→ Try it: Locate each line below that includes "section" and reproduce it.

..............................

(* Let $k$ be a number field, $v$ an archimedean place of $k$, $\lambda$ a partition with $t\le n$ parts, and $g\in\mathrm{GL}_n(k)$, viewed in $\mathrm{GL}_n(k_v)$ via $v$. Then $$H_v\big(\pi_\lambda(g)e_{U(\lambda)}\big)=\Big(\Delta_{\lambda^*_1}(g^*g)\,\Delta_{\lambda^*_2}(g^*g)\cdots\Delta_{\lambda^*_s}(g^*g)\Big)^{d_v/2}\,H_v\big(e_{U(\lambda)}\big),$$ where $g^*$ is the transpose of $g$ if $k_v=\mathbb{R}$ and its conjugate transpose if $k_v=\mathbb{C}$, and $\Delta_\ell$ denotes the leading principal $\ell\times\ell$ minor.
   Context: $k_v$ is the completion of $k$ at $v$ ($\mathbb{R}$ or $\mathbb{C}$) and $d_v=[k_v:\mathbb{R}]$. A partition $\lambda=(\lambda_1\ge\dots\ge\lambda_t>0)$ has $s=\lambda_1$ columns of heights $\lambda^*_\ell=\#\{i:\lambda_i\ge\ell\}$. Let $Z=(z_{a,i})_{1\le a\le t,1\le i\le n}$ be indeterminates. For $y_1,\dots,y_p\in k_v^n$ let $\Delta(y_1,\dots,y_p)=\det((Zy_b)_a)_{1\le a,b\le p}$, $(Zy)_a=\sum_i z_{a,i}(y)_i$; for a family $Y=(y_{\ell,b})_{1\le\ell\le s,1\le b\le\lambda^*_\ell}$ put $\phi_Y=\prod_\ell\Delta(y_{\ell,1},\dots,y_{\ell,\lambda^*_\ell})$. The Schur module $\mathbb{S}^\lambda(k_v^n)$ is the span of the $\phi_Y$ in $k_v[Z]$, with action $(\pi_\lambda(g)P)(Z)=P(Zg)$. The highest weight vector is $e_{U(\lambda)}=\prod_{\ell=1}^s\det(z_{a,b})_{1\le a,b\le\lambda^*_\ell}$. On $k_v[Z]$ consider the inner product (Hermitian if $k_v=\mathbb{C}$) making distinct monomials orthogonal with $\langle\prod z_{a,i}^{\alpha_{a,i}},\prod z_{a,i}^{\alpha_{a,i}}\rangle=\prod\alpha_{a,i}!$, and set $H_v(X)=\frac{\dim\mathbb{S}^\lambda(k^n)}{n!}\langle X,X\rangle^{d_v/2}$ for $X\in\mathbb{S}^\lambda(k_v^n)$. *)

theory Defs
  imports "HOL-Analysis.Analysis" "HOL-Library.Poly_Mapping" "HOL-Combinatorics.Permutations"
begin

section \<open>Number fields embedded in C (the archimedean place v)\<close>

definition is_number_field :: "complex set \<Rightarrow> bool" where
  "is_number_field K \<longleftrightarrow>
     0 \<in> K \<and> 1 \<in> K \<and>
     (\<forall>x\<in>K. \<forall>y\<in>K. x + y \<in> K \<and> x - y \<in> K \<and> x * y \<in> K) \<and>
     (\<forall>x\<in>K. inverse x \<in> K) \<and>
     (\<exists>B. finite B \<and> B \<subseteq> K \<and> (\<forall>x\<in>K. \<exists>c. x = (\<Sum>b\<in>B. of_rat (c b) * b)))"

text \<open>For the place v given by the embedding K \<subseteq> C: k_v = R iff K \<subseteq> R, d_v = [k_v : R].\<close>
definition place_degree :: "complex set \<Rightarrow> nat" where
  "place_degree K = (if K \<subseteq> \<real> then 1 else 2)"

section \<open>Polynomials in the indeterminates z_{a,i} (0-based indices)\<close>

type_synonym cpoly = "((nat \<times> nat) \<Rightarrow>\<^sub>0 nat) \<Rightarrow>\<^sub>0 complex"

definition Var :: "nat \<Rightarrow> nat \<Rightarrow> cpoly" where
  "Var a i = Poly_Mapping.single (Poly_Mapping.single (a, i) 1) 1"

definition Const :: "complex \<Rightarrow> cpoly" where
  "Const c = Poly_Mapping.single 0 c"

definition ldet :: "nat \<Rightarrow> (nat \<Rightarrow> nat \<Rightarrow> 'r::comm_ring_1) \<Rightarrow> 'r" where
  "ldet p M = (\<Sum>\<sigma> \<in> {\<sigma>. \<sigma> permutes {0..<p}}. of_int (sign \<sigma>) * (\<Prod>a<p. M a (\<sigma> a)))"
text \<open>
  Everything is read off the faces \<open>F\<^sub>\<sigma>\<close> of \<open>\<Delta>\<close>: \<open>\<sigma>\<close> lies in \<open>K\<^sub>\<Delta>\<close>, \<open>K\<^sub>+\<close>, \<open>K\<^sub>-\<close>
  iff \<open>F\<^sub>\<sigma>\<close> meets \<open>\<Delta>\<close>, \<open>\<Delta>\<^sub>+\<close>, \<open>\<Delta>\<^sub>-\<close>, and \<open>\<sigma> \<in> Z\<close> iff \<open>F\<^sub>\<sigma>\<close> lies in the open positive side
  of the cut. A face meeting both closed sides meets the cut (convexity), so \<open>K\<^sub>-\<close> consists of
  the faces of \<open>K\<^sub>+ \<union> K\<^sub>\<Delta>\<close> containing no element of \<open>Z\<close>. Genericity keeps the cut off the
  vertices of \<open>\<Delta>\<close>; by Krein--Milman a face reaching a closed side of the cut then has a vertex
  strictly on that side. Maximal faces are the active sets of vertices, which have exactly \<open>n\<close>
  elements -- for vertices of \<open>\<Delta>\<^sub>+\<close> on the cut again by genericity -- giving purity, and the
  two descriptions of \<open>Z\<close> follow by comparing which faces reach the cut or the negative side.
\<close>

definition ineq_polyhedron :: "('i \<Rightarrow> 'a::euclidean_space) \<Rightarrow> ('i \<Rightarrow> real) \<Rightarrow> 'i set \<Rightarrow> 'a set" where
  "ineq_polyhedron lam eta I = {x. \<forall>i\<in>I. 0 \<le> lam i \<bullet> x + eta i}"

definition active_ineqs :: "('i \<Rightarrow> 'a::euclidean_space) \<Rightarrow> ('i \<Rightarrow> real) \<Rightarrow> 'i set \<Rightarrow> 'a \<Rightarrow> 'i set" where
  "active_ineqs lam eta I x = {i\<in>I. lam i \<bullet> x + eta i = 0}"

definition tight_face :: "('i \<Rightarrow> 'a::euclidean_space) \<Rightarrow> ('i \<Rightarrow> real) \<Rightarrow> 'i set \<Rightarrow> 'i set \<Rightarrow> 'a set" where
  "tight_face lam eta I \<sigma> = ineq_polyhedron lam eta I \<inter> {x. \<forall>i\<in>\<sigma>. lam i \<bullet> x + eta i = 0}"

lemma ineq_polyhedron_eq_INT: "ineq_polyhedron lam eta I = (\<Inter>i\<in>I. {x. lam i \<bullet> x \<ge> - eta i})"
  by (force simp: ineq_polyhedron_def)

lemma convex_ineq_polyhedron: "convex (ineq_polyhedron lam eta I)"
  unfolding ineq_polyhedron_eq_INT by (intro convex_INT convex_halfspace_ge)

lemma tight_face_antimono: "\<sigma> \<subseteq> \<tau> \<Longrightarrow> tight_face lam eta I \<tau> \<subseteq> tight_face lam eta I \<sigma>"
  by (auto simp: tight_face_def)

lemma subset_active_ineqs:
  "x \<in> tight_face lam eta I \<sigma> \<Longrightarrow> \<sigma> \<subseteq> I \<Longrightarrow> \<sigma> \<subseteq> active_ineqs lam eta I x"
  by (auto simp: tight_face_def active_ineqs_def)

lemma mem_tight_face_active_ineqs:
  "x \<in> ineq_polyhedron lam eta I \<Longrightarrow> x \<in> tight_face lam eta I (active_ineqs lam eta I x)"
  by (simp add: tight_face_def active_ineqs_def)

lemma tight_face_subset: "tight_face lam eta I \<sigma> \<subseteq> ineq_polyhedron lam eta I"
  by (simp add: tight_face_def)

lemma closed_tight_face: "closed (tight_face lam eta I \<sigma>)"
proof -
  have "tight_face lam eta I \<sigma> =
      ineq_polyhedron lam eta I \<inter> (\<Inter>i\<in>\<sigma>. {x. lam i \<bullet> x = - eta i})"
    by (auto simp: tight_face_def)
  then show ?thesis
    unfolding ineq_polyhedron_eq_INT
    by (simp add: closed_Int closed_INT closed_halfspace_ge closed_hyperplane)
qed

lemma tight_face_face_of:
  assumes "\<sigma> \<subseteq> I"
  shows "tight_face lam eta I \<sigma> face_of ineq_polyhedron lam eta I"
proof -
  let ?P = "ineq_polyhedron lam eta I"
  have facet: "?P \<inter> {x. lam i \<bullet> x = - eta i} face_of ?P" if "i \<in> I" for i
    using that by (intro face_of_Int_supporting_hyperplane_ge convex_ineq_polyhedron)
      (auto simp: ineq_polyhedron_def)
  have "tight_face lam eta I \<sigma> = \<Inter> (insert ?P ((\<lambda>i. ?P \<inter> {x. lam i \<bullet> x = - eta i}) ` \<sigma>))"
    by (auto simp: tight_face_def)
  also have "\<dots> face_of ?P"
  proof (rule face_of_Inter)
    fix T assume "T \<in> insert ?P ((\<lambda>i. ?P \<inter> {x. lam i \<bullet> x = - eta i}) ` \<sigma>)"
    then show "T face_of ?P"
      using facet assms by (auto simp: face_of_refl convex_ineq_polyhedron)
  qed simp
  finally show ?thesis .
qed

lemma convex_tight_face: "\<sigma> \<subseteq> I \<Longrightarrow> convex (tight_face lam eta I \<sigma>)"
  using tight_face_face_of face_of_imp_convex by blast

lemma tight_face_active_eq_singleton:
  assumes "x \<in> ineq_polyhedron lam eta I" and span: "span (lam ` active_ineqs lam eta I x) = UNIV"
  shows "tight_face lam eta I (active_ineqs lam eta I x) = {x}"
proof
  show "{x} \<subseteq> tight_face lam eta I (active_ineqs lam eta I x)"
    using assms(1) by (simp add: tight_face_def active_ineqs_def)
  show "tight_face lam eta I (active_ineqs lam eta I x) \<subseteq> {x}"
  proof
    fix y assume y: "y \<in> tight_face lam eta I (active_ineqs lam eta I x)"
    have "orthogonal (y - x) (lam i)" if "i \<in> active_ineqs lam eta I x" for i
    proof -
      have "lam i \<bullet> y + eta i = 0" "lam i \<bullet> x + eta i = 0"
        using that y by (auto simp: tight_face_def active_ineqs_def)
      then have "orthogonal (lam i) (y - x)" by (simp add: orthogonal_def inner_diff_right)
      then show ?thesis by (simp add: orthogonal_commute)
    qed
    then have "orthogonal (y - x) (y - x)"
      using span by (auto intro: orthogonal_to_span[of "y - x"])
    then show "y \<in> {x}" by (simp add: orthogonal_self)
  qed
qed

..............................

→ Task answer:
section \<open>Number fields embedded in C (the archimedean place v)\<close>
section \<open>Polynomials in the indeterminates z_{a,i} (0-based indices)\<close>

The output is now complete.